Contained with a top quality and interesting wooden box, this fabulous double-sided castle top silver card case remains in excellent crisp condition. The scenes depicted are two major English castles: Windsor and Warwick, with both framed and backed to top and bottom with fine, tartan-style engine turned decoration. The quality of this square-edged card case is superb and it has a wonderful feeling in the hand. The condition is simply stunning, in no small way attributable to the wooden box which has protected it. The outside of the box bears a silver presentation shield showing its giving as a 21st birthday present in 1880 - one edge of the case is engraved with a corresponding sentiment. The inside bears an intriguing label regarding the heritage of the oak from which the box was made. A truly terrific card case.
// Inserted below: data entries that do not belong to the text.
definition degree :: "'e set \<Rightarrow> ('e \<Rightarrow> 'a \<times> 'a) \<Rightarrow> 'a \<Rightarrow> nat" where
  "degree E ends v = card {e\<in>E. fst (ends e) = v \<or> snd (ends e) = v}"

(* An orientation is D :: 'e \<Rightarrow> bool; D e = True orients e from fst (ends e) to snd (ends e). *)
definition tailv :: "('e \<Rightarrow> 'a \<times> 'a) \<Rightarrow> ('e \<Rightarrow> bool) \<Rightarrow> 'e \<Rightarrow> 'a" where
  "tailv ends D e = (if D e then fst (ends e) else snd (ends e))"

definition headv :: "('e \<Rightarrow> 'a \<times> 'a) \<Rightarrow> ('e \<Rightarrow> bool) \<Rightarrow> 'e \<Rightarrow> 'a" where
  "headv ends D e = (if D e then snd (ends e) else fst (ends e))"

definition outdeg :: "'e set \<Rightarrow> ('e \<Rightarrow> 'a \<times> 'a) \<Rightarrow> ('e \<Rightarrow> bool) \<Rightarrow> 'a \<Rightarrow> nat" where
  "outdeg E ends D v = card {e\<in>E. tailv ends D e = v}"

definition indeg :: "'e set \<Rightarrow> ('e \<Rightarrow> 'a \<times> 'a) \<Rightarrow> ('e \<Rightarrow> bool) \<Rightarrow> 'a \<Rightarrow> nat" where
  "indeg E ends D v = card {e\<in>E. headv ends D e = v}"

definition netflow :: "'e set \<Rightarrow> ('e \<Rightarrow> 'a \<times> 'a) \<Rightarrow> ('e \<Rightarrow> bool) \<Rightarrow> 'a \<Rightarrow> int" where
  "netflow E ends D v = int (outdeg E ends D v) - int (indeg E ends D v)"

(* Z_k-boundaries are represented by integer-valued maps (only residues mod k matter). *)
definition SZ :: "nat \<Rightarrow> 'a set \<Rightarrow> 'e set \<Rightarrow> ('e \<Rightarrow> 'a \<times> 'a) \<Rightarrow> bool" where
  "SZ k V E ends \<longleftrightarrow>
     (\<forall>\<beta> :: 'a \<Rightarrow> int. (\<Sum>v\<in>V. \<beta> v) mod int k = 0 \<longrightarrow>
        (\<exists>D. \<forall>v\<in>V. netflow E ends D v mod int k = \<beta> v mod int k))"

definition pc_boundary :: "nat \<Rightarrow> 'a set \<Rightarrow> 'e set \<Rightarrow> ('e \<Rightarrow> 'a \<times> 'a) \<Rightarrow> ('a \<Rightarrow> int) \<Rightarrow> bool" where
  "pc_boundary k V E ends \<beta> \<longleftrightarrow>
     (\<forall>v\<in>V. - int k \<le> \<beta> v \<and> \<beta> v \<le> int k \<and> \<beta> v mod 2 = int (degree E ends v) mod 2) \<and>
     (\<Sum>v\<in>V. \<beta> v) mod (2 * int k) = 0"
lemma qp_norm_less_1E:
  assumes "b \<in> Qp p" "qp_norm p b < 1"
  obtains B where "p_cauchy p B" "b = qp_of_seq p B" "\<forall>\<^sub>F n in sequentially. rat_pnorm p (B n) < 1"
proof -
  obtain B where B: "p_cauchy p B" "b = qp_of_seq p B"
    using assms(1) by (rule QpE)
  then have "\<forall>\<^sub>F n in sequentially. rat_pnorm p (B n) < 1"
    using order_tendstoD(2)[OF qp_norm_of_seq[OF B(1)], of 1] assms(2) by simp
  with B that show ?thesis
    by blast
qed

lemma qp_center_in_ball:
  assumes "a \<in> Qp p" "r \<ge> 0"
  shows "a \<in> qp_ball p a r"
proof -
  obtain A where A: "p_cauchy p A" "a = qp_of_seq p A"
    using assms(1) by (rule QpE)
  have "(\<lambda>n. rat_pnorm p (A n - A n)) \<longlonglongrightarrow> qp_norm p (qp_sub p a a)"
    unfolding A(2) using A(1) A(1) by (rule qp_norm_sub_of_seq)
  then have "qp_norm p (qp_sub p a a) = 0"
    by (simp add: LIMSEQ_const_iff)
  with assms show ?thesis
    unfolding qp_ball_def by simp
qed

lemma qp_ball_subset_unit_sphere:
  assumes "a \<in> qp_unit_sphere p" "r < 1"
  shows "qp_ball p a r \<subseteq> qp_unit_sphere p"
proof
  fix z
  assume z: "z \<in> qp_ball p a r"
  obtain A where A: "p_unit_seq p A" "a = qp_of_seq p A"
    using assms(1) unfolding qp_unit_sphere_iff by blast
  obtain Z where Z: "p_cauchy p Z" "z = qp_of_seq p Z"
    using z unfolding qp_ball_def by (auto elim: QpE)
  have "(\<lambda>n. rat_pnorm p (Z n - A n)) \<longlonglongrightarrow> qp_norm p (qp_sub p z a)"
    unfolding Z(2) A(2) using Z(1) p_unit_seqD(1)[OF A(1)] by (rule qp_norm_sub_of_seq)
  moreover have "qp_norm p (qp_sub p z a) < 1"
    using z assms(2) unfolding qp_ball_def by simp
  ultimately have "\<forall>\<^sub>F n in sequentially. rat_pnorm p (Z n - A n) < 1"
    by (rule order_tendstoD(2))
  then have "\<forall>\<^sub>F n in sequentially. rat_pnorm p (Z n) = 1"
    using p_unit_seqD(2)[OF A(1)]
  proof eventually_elim
    case (elim n)
    then show ?case
      using rat_pnorm_add_eq_left[of "Z n - A n" "A n"] by simp
  qed
  with Z show "z \<in> qp_unit_sphere p"
    unfolding qp_unit_sphere_iff p_unit_seq_def by blast
qed

lemma p_unit_seq_mult:
  assumes "p_unit_seq p X" "p_unit_seq p Y"
  shows "p_unit_seq p (\<lambda>n. X n * Y n)"
  using assms unfolding p_unit_seq_def
  by (auto intro: p_cauchy_mult elim: eventually_elim2 simp: rat_pnorm_mult)

lemma p_unit_seq_divide:
  assumes "p_unit_seq p X" "p_unit_seq p Y"
  shows "p_unit_seq p (\<lambda>n. X n / Y n)"
proof -
  have "\<forall>\<^sub>F n in sequentially. 1 \<le> rat_pnorm p (Y n)"
    using p_unit_seqD(2)[OF assms(2)] by eventually_elim simp
  then have "p_cauchy p (\<lambda>n. X n * inverse (Y n))"
    using p_unit_seqD(1)[OF assms(1)] p_unit_seqD(1)[OF assms(2)]
    by (intro p_cauchy_mult p_cauchy_inverse) auto
  moreover have "\<forall>\<^sub>F n in sequentially. rat_pnorm p (X n / Y n) = 1"
    using p_unit_seqD(2)[OF assms(1)] p_unit_seqD(2)[OF assms(2)]
    by eventually_elim (simp add: rat_pnorm_divide)
  ultimately show ?thesis
    unfolding p_unit_seq_def by (simp add: divide_inverse)
qed

end

subsection \<open>The Moebius map on the unit sphere\<close>

definition qp_mobius :: "nat \<Rightarrow> qp \<Rightarrow> qp \<Rightarrow> qp \<Rightarrow> qp" where
  "qp_mobius p b c x = qp_div p x (qp_add p (qp_mult p b x) c)"

lemma mobius_diff:
  fixes b c x y :: "'a :: field"
  assumes "b * x + c \<noteq> 0" "b * y + c \<noteq> 0"
  shows "x / (b * x + c) - y / (b * y + c) = c * (x - y) / ((b * x + c) * (b * y + c))"
  using assms by (simp add: field_simps)

lemma mobius_left_inverse:
  fixes b c z :: "'a :: field"
  assumes "c \<noteq> 0" "1 - b * z \<noteq> 0"
  shows "(c * z / (1 - b * z)) / (b * (c * z / (1 - b * z)) + c) = z"
proof -
  have "b * (c * z / (1 - b * z)) + c = c / (1 - b * z)"
    using assms by (simp add: field_simps)
  then show ?thesis
    using assms by simp
qed

context padic
begin

lemma rat_pnorm_mobius_denom:
  assumes "rat_pnorm p b < 1" "rat_pnorm p c = 1" "rat_pnorm p x = 1"
  shows "rat_pnorm p (b * x + c) = 1"
  using rat_pnorm_add_eq_left[of "b * x" c] assms by (simp add: rat_pnorm_mult add.commute)

context
  fixes B C :: "nat \<Rightarrow> rat"
  assumes cauchy_B: "p_cauchy p B"
    and small_B: "\<forall>\<^sub>F n in sequentially. rat_pnorm p (B n) < 1"
    and unit_C: "p_unit_seq p C"
begin

lemma p_unit_seq_mobius_denom:
  assumes "p_unit_seq p X"
  shows "p_unit_seq p (\<lambda>n. B n * X n + C n)"
proof -
  have "\<forall>\<^sub>F n in sequentially. rat_pnorm p (B n * X n + C n) = 1"
    using small_B p_unit_seqD(2)[OF unit_C] p_unit_seqD(2)[OF assms]
    by eventually_elim (rule rat_pnorm_mobius_denom)
  moreover have "p_cauchy p (\<lambda>n. B n * X n + C n)"
    using cauchy_B p_unit_seqD(1)[OF unit_C] p_unit_seqD(1)[OF assms]
    by (intro p_cauchy_add p_cauchy_mult)
  ultimately show ?thesis
    unfolding p_unit_seq_def by simp
qed

lemma qp_mobius_of_seq:
  assumes "p_unit_seq p X"
  shows "qp_mobius p (qp_of_seq p B) (qp_of_seq p C) (qp_of_seq p X)
    = qp_of_seq p (\<lambda>n. X n / (B n * X n + C n))"
proof -
  have X: "p_cauchy p X"
    using assms by (rule p_unit_seqD)
  have denom: "p_unit_seq p (\<lambda>n. B n * X n + C n)"
    using assms by (rule p_unit_seq_mobius_denom)
  have "qp_add p (qp_mult p (qp_of_seq p B) (qp_of_seq p X)) (qp_of_seq p C)
      = qp_of_seq p (\<lambda>n. B n * X n + C n)"
    using cauchy_B X p_unit_seqD(1)[OF unit_C]
    by (simp add: qp_mult_of_seq qp_add_of_seq p_cauchy_mult)
  moreover have "\<forall>\<^sub>F n in sequentially. 1 \<le> rat_pnorm p (B n * X n + C n)"
    using p_unit_seqD(2)[OF denom] by eventually_elim simp
  ultimately show ?thesis
    unfolding qp_mobius_def using X p_unit_seqD(1)[OF denom]
    by (simp add: qp_div_of_seq[OF _ _ zero_less_one])
qed

lemma p_unit_seq_mobius:
  "p_unit_seq p X \<Longrightarrow> p_unit_seq p (\<lambda>n. X n / (B n * X n + C n))"
  by (intro p_unit_seq_divide p_unit_seq_mobius_denom)

lemma eventually_rat_pnorm_mobius_diff:
  assumes "p_unit_seq p X" "p_unit_seq p Y"
  shows "\<forall>\<^sub>F n in sequentially.
    rat_pnorm p (X n / (B n * X n + C n) - Y n / (B n * Y n + C n)) = rat_pnorm p (X n - Y n)"
  using p_unit_seqD(2)[OF unit_C] p_unit_seqD(2)[OF p_unit_seq_mobius_denom[OF assms(1)]]
    p_unit_seqD(2)[OF p_unit_seq_mobius_denom[OF assms(2)]]
proof eventually_elim
  case (elim n)
  then have "B n * X n + C n \<noteq> 0" "B n * Y n + C n \<noteq> 0"
    by auto
  then show ?case
    using elim by (simp add: mobius_diff rat_pnorm_mult rat_pnorm_divide)
qed

lemma p_unit_seq_mobius_preimage:
  assumes "p_unit_seq p Z"
  shows "p_unit_seq p (\<lambda>n. C n * Z n / (1 - B n * Z n))"
    and "\<forall>\<^sub>F n in sequentially.
      (C n * Z n / (1 - B n * Z n)) / (B n * (C n * Z n / (1 - B n * Z n)) + C n) = Z n"
proof -
  have "\<forall>\<^sub>F n in sequentially. rat_pnorm p (1 - B n * Z n) = 1"
    using small_B p_unit_seqD(2)[OF assms]
  proof eventually_elim
    case (elim n)
    then have "rat_pnorm p (- B n * Z n + 1) = 1"
      by (intro rat_pnorm_mobius_denom) simp_all
    then show ?case
      by simp
  qed
  moreover have "p_cauchy p (\<lambda>n. 1 - B n * Z n)"
    using cauchy_B p_unit_seqD(1)[OF assms]
    by (intro p_cauchy_diff p_cauchy_const p_cauchy_mult)
  ultimately have denom: "p_unit_seq p (\<lambda>n. 1 - B n * Z n)"
    unfolding p_unit_seq_def by simp
  have "p_unit_seq p (\<lambda>n. C n * Z n)"
    using unit_C assms by (rule p_unit_seq_mult)
  then show "p_unit_seq p (\<lambda>n. C n * Z n / (1 - B n * Z n))"
    using denom by (rule p_unit_seq_divide)
  show "\<forall>\<^sub>F n in sequentially.
      (C n * Z n / (1 - B n * Z n)) / (B n * (C n * Z n / (1 - B n * Z n)) + C n) = Z n"
    using p_unit_seqD(2)[OF unit_C] p_unit_seqD(2)[OF denom]
    by eventually_elim (rule mobius_left_inverse; auto)
qed

end

context
  fixes b c :: qp
  assumes b: "b \<in> Qp p" "qp_norm p b < 1"
    and c: "c \<in> qp_unit_sphere p"
begin

lemma mobius_coefficient_seqs:
  obtains B C where "p_cauchy p B" "\<forall>\<^sub>F n in sequentially. rat_pnorm p (B n) < 1" "p_unit_seq p C"
    "b = qp_of_seq p B" "c = qp_of_seq p C"
  using qp_norm_less_1E[OF b] c unfolding qp_unit_sphere_iff by metis

lemma qp_mobius_unit_sphere:
  assumes "x \<in> qp_unit_sphere p"
  shows "qp_mobius p b c x \<in> qp_unit_sphere p"
proof -
  obtain B C where BC: "p_cauchy p B" "\<forall>\<^sub>F n in sequentially. rat_pnorm p (B n) < 1" "p_unit_seq p C"
    and eq: "b = qp_of_seq p B" "c = qp_of_seq p C"
    by (rule mobius_coefficient_seqs)
  obtain X where X: "p_unit_seq p X" "x = qp_of_seq p X"
    using assms unfolding qp_unit_sphere_iff by blast
  show ?thesis
    unfolding qp_unit_sphere_iff eq X(2) qp_mobius_of_seq[OF BC X(1)]
    using p_unit_seq_mobius[OF BC X(1)] by blast
qed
Warwick Castle was built by William The Conqueror in 1068 and overlooks the River Avon from its’ cliff top location. The castle was owned by the Earls of Warwick from 1088 until 1978, the most famous of which was Richard Neville (the 16th Earl also known as the “Kingmaker”) who in the 14th Century imprisoned King Edward IV within the castle. The castle was converted to a country house in the early 17thC, however the impressive four towered fortifications remain largely intact and the castle has been a popular tourist attraction since the mid- 19th Century. The view on this card case is of the East Façade from the River Avon showing the main residences with Caesar’s Tower and Guy’s Tower on the right hand side.
Windsor Castle was the principal residence of Queen Victoria and Prince Albert. Today, it continues to be one of the official homes’ of Queen Elizabeth II and is the largest inhabited castle in the world. The majority of English monarchs have lived in the castle at some stage and dating back to William the Conqueror (King between 1066 and 1087), is the oldest castle in continuous occupation in the world. The scene shown is the South Wing and is the most famous view of the castle. The flag flying in the centre of the scene indicates that the monarch is in residence.